▸ **Task details**
Scan the records for the word "cases". Copy each line that includes it.

Stored data
▬▬▬

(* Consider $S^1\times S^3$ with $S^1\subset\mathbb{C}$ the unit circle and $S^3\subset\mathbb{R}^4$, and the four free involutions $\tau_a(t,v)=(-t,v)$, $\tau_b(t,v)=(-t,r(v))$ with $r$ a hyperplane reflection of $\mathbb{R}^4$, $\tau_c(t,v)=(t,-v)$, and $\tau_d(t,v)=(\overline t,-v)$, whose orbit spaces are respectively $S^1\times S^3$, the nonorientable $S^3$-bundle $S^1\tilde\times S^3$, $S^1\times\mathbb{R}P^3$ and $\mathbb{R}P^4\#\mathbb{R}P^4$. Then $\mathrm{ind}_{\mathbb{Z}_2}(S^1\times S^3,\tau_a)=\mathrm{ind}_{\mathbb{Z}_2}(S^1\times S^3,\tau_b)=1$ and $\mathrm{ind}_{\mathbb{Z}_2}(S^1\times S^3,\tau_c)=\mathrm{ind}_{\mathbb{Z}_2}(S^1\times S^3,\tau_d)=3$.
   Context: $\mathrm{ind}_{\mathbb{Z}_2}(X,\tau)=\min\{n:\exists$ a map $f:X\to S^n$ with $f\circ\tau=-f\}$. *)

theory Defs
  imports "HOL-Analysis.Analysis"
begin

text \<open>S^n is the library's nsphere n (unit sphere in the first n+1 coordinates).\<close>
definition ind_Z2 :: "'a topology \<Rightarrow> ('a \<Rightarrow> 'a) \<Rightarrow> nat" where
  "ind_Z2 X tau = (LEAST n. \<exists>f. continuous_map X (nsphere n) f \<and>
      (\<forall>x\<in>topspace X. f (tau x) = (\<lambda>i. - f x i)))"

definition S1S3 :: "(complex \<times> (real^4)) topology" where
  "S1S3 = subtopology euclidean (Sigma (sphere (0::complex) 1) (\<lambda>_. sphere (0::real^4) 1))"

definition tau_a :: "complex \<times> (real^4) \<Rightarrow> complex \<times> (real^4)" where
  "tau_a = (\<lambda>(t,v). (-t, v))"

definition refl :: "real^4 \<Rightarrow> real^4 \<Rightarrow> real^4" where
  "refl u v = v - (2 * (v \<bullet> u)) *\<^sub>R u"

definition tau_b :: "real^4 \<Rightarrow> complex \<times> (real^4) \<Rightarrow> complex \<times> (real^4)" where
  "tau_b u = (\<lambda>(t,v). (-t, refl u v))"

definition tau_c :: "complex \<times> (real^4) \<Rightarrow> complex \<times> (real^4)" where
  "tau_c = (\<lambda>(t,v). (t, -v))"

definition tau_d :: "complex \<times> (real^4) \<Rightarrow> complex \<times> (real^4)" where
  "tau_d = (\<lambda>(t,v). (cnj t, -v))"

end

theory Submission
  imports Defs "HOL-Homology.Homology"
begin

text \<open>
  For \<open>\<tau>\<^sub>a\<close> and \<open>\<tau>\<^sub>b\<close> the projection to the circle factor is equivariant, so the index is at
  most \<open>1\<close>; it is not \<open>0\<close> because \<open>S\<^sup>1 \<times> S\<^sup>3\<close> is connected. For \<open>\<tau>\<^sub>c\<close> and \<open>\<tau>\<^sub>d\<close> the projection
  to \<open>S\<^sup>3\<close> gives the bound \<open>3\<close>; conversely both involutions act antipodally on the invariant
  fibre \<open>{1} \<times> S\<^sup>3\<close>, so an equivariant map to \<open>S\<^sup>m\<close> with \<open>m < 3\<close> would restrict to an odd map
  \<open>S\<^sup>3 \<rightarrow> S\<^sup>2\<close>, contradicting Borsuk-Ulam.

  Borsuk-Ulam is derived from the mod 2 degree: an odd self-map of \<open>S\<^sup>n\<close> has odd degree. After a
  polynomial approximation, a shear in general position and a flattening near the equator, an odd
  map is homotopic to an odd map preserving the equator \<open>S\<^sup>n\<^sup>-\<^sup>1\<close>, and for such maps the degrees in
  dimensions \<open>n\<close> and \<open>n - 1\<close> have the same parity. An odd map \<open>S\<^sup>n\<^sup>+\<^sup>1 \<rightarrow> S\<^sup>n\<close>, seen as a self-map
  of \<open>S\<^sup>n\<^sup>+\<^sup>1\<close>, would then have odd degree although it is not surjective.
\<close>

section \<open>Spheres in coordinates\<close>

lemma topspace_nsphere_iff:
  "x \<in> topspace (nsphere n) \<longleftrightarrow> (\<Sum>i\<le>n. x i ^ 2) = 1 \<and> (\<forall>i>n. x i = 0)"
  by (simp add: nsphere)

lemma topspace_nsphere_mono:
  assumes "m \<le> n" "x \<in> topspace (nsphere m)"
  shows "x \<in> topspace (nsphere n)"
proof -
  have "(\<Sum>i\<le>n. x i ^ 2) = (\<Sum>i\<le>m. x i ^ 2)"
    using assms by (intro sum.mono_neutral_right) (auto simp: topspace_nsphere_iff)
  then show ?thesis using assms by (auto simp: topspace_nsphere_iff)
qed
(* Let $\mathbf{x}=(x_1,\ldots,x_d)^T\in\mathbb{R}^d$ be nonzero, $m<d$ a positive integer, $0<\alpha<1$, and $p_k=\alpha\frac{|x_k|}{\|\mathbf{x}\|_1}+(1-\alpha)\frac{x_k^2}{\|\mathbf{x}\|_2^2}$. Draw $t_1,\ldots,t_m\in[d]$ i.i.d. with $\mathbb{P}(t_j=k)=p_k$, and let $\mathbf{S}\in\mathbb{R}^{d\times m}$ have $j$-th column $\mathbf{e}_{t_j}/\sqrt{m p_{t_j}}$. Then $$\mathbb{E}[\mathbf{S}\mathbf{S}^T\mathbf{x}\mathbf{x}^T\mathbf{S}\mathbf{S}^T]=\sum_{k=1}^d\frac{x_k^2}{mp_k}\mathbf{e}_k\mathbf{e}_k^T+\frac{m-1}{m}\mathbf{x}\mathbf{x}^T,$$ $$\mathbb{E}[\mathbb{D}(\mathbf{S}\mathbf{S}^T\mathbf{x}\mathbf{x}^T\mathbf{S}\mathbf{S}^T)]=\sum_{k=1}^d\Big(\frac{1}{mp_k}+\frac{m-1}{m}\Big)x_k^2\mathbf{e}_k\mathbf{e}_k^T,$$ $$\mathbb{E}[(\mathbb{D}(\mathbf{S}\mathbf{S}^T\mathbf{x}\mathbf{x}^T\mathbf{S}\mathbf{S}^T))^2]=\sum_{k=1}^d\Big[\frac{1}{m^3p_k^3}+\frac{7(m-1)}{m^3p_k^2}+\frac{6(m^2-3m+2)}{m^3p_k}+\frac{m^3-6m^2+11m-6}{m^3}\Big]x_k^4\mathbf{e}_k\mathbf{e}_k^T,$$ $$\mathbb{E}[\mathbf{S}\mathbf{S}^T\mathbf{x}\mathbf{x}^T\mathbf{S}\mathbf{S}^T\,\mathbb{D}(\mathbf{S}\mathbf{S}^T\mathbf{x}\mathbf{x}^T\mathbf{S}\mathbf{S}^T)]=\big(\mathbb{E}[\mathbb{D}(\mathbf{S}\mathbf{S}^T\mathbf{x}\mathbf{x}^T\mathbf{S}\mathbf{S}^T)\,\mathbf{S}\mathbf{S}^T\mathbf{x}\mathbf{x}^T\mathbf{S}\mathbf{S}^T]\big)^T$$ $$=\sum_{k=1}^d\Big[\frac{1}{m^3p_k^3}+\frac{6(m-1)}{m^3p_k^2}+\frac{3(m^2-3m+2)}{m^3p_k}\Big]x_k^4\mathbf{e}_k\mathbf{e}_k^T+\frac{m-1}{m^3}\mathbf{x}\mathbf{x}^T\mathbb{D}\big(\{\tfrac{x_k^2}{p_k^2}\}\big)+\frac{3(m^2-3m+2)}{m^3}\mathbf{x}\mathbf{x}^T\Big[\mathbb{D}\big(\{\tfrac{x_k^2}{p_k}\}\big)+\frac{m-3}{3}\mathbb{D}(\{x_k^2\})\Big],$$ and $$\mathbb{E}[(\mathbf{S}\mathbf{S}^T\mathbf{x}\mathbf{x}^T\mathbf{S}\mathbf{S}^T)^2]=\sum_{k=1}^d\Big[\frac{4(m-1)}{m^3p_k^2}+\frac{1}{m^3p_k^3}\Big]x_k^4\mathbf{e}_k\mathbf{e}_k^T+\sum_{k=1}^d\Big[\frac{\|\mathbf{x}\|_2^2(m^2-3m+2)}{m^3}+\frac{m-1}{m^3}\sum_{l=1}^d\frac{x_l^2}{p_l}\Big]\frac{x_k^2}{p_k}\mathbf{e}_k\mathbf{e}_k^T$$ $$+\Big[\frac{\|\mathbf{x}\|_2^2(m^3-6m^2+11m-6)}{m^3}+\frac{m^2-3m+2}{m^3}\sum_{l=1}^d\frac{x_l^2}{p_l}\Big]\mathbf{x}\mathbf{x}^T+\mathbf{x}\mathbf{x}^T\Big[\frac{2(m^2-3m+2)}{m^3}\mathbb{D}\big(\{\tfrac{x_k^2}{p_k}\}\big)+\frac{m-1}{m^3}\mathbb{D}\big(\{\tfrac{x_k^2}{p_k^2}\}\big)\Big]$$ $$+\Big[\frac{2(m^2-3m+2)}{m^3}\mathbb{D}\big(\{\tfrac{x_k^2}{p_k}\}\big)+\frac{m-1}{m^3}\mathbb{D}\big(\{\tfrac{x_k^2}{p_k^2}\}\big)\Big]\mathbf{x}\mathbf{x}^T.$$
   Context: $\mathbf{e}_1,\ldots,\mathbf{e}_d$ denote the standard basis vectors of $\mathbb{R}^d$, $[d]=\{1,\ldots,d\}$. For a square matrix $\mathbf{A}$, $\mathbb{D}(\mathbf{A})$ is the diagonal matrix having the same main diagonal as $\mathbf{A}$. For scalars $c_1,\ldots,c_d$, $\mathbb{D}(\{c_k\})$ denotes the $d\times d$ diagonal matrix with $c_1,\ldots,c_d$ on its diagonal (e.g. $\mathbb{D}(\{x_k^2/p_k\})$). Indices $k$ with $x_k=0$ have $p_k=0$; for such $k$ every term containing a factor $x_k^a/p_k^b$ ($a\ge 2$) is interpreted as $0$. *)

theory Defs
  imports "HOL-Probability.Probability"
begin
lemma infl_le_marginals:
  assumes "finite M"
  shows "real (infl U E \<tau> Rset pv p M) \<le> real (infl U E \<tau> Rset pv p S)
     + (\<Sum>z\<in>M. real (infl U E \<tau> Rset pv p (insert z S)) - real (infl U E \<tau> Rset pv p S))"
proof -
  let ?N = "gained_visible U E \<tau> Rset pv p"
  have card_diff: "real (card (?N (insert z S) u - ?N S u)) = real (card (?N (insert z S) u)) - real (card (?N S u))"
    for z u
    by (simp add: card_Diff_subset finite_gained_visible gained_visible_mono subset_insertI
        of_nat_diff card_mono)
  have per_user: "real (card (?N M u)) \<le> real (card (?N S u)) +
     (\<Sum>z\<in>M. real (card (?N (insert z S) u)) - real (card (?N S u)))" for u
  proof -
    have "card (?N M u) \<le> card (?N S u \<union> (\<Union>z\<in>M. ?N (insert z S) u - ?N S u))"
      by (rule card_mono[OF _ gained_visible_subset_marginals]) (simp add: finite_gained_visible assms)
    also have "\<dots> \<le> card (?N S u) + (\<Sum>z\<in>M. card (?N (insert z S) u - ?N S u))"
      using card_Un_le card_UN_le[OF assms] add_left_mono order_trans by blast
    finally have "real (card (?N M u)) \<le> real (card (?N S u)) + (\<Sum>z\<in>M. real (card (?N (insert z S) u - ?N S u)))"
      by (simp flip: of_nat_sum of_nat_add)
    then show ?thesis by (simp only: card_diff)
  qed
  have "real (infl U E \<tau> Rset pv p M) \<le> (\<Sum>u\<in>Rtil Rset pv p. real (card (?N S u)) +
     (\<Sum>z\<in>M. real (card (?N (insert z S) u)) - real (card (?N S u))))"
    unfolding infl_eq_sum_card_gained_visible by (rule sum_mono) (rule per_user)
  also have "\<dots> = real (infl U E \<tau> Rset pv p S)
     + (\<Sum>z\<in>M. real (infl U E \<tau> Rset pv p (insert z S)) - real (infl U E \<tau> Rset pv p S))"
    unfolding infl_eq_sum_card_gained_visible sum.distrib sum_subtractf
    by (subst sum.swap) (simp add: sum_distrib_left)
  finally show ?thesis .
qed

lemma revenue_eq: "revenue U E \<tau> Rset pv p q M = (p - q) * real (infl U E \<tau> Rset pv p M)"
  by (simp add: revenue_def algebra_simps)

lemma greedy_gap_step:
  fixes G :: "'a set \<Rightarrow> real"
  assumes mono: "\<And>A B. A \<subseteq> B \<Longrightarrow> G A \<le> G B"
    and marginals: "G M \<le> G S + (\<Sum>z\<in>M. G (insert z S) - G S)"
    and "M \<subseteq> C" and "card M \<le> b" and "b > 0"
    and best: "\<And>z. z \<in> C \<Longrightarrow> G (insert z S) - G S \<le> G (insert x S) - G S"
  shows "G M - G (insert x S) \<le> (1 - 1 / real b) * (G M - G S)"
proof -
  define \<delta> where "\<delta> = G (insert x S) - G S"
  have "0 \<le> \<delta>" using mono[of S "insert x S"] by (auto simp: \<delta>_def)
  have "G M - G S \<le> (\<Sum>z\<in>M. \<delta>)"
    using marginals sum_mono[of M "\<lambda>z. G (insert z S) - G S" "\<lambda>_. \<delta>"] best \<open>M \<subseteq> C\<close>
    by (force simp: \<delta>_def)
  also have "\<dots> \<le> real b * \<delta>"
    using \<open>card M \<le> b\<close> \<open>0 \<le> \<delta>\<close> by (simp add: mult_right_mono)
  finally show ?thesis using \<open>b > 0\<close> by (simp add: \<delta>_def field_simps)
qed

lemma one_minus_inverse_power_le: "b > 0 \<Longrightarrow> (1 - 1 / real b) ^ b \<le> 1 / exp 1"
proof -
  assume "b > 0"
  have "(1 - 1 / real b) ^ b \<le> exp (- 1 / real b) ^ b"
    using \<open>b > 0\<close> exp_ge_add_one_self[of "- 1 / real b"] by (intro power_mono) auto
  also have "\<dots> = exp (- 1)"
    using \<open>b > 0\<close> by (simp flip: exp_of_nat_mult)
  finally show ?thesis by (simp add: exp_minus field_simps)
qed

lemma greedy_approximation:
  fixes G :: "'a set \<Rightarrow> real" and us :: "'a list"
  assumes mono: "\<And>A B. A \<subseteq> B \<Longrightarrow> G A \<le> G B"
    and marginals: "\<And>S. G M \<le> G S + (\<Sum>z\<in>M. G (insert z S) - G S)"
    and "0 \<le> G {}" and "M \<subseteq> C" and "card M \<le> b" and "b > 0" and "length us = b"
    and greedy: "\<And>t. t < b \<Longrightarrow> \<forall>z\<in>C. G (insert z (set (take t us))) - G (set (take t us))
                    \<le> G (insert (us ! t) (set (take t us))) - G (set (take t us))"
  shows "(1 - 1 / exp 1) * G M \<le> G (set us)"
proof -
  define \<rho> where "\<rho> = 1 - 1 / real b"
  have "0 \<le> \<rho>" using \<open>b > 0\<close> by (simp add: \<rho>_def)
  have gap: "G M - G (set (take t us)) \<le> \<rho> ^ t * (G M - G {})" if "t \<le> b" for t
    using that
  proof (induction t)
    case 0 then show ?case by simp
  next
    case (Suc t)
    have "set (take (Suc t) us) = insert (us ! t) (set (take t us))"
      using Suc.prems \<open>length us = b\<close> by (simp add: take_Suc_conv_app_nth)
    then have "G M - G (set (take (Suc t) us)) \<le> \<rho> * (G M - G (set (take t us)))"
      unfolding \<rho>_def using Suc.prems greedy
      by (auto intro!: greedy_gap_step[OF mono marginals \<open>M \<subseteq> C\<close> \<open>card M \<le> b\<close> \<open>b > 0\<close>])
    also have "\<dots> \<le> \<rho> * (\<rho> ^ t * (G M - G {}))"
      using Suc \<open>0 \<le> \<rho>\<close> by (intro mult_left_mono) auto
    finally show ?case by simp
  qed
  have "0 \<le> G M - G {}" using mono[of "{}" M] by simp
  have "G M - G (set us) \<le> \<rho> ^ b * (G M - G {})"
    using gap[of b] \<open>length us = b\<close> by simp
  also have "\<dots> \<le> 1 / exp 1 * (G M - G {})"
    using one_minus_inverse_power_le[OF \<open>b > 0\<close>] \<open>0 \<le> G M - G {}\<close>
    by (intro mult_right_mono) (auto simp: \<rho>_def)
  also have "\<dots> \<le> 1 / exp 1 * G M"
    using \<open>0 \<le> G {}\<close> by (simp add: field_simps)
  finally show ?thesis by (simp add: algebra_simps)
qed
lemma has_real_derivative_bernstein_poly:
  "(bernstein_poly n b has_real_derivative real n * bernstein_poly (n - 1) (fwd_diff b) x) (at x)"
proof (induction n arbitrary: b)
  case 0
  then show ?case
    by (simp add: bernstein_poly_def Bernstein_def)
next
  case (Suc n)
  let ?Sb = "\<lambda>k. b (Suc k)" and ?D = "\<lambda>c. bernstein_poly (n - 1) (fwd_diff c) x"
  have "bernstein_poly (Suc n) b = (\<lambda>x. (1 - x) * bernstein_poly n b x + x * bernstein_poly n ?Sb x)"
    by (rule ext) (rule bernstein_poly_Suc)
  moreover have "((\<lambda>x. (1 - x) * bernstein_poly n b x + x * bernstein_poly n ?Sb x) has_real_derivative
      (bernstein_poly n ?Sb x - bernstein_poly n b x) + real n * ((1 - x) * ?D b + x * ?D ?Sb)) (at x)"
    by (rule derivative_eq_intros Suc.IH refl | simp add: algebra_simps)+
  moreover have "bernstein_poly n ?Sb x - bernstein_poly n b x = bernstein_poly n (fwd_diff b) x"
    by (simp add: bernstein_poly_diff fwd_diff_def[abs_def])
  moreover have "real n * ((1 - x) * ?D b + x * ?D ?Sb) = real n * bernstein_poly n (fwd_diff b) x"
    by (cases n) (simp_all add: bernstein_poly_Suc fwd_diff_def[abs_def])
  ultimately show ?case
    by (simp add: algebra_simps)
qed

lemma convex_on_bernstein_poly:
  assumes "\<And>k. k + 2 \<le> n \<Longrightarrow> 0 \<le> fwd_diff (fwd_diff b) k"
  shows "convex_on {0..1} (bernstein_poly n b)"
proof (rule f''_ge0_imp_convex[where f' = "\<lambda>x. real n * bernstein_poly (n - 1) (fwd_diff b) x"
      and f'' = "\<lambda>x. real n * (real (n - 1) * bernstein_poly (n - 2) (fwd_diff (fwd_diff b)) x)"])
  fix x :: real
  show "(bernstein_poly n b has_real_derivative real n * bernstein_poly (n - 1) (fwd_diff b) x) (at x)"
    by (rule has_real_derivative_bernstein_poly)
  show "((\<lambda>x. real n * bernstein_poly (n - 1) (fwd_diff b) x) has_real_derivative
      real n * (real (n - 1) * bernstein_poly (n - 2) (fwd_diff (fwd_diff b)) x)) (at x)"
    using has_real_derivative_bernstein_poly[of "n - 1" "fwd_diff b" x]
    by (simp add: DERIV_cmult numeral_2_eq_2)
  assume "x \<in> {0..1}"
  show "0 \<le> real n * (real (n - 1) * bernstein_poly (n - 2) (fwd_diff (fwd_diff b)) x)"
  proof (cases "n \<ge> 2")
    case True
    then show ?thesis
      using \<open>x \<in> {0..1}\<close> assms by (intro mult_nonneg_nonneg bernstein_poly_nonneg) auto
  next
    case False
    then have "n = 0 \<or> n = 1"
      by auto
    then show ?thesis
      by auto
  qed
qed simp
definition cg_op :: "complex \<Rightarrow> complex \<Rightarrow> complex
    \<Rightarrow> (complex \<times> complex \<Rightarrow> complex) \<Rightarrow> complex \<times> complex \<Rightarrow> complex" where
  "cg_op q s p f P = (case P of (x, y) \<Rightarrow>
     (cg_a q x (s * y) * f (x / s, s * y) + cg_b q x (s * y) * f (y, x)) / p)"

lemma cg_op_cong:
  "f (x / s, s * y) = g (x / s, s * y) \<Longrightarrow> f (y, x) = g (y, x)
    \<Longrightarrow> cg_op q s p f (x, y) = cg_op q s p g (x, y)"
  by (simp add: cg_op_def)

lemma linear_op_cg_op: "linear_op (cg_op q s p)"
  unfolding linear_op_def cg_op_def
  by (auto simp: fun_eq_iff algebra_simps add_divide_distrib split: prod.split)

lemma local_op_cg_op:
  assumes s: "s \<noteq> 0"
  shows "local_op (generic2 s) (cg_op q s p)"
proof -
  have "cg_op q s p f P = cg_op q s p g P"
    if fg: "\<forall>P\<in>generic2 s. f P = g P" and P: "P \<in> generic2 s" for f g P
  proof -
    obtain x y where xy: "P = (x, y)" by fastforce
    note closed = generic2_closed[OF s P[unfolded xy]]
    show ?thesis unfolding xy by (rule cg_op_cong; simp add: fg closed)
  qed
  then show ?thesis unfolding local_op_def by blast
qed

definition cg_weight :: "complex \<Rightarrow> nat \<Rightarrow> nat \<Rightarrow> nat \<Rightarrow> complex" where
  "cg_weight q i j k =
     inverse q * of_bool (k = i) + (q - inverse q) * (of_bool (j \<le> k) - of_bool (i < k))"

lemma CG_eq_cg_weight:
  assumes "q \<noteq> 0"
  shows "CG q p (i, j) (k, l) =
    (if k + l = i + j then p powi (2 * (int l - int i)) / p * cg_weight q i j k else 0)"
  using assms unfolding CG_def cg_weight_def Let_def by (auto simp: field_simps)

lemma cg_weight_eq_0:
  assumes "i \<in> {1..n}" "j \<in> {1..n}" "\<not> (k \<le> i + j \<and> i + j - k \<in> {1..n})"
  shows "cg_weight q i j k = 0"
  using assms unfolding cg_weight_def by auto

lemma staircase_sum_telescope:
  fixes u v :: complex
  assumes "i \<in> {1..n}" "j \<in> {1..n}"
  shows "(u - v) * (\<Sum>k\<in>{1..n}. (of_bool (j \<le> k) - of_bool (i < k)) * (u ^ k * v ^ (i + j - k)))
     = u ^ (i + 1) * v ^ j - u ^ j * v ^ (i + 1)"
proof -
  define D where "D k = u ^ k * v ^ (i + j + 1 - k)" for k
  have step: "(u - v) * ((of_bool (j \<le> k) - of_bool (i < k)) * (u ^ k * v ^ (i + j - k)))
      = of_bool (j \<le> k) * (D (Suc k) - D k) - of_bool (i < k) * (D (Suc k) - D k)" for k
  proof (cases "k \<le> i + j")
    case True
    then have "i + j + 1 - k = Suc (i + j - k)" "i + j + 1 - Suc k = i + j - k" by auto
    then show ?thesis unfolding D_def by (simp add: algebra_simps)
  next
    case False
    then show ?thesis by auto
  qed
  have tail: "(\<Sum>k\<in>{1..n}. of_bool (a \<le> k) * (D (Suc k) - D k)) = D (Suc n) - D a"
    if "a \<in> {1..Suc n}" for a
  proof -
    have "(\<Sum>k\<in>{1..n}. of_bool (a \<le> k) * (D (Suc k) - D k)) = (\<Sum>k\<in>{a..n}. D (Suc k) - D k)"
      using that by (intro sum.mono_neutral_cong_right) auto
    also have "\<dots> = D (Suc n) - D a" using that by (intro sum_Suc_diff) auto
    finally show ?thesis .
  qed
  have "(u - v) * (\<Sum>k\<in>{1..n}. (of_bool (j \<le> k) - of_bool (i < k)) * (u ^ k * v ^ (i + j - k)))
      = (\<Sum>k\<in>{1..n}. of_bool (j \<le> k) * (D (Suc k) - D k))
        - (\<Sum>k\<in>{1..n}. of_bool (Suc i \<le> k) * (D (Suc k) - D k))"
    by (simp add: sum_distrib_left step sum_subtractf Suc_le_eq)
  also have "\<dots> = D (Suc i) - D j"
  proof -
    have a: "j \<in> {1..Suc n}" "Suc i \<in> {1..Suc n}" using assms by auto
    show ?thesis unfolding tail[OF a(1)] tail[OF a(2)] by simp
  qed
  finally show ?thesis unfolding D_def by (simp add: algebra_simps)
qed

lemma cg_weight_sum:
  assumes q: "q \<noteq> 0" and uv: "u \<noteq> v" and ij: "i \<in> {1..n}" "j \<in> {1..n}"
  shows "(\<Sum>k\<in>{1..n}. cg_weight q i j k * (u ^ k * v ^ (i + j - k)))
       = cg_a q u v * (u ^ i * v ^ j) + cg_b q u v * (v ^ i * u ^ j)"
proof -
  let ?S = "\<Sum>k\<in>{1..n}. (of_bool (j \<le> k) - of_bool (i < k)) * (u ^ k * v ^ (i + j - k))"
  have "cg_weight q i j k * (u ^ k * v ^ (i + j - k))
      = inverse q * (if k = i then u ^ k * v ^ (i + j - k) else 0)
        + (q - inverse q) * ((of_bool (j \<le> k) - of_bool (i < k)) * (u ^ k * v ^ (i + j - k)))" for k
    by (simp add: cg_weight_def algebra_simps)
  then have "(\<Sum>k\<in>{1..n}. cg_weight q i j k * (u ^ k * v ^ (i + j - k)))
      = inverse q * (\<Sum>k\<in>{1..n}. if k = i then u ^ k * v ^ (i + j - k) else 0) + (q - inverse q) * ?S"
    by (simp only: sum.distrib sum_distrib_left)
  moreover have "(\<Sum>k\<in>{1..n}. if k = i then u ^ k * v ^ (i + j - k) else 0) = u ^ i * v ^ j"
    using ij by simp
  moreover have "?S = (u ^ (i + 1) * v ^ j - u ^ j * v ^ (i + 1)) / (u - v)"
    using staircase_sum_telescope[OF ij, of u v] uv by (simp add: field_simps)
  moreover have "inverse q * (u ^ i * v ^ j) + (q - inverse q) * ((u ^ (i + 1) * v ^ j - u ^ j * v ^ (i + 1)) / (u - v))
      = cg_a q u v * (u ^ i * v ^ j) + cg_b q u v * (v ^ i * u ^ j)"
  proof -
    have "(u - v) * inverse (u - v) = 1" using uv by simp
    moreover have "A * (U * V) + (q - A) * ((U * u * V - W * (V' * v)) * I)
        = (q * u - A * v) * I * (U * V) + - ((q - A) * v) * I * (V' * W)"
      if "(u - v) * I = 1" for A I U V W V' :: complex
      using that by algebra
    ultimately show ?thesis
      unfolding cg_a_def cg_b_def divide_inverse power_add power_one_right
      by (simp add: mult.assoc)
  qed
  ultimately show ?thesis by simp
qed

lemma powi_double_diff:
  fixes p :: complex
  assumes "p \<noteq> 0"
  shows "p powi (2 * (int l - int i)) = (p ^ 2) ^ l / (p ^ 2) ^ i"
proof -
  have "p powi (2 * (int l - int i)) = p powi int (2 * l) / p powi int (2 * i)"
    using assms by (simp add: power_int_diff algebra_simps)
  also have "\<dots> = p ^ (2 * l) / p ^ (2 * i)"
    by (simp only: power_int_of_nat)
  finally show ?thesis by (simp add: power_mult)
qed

▬▬▬

▸ **Completed task**
    by (cases n) (simp_all add: bernstein_poly_Suc fwd_diff_def[abs_def])
  proof (cases "n \<ge> 2")
  proof (cases "k \<le> i + j")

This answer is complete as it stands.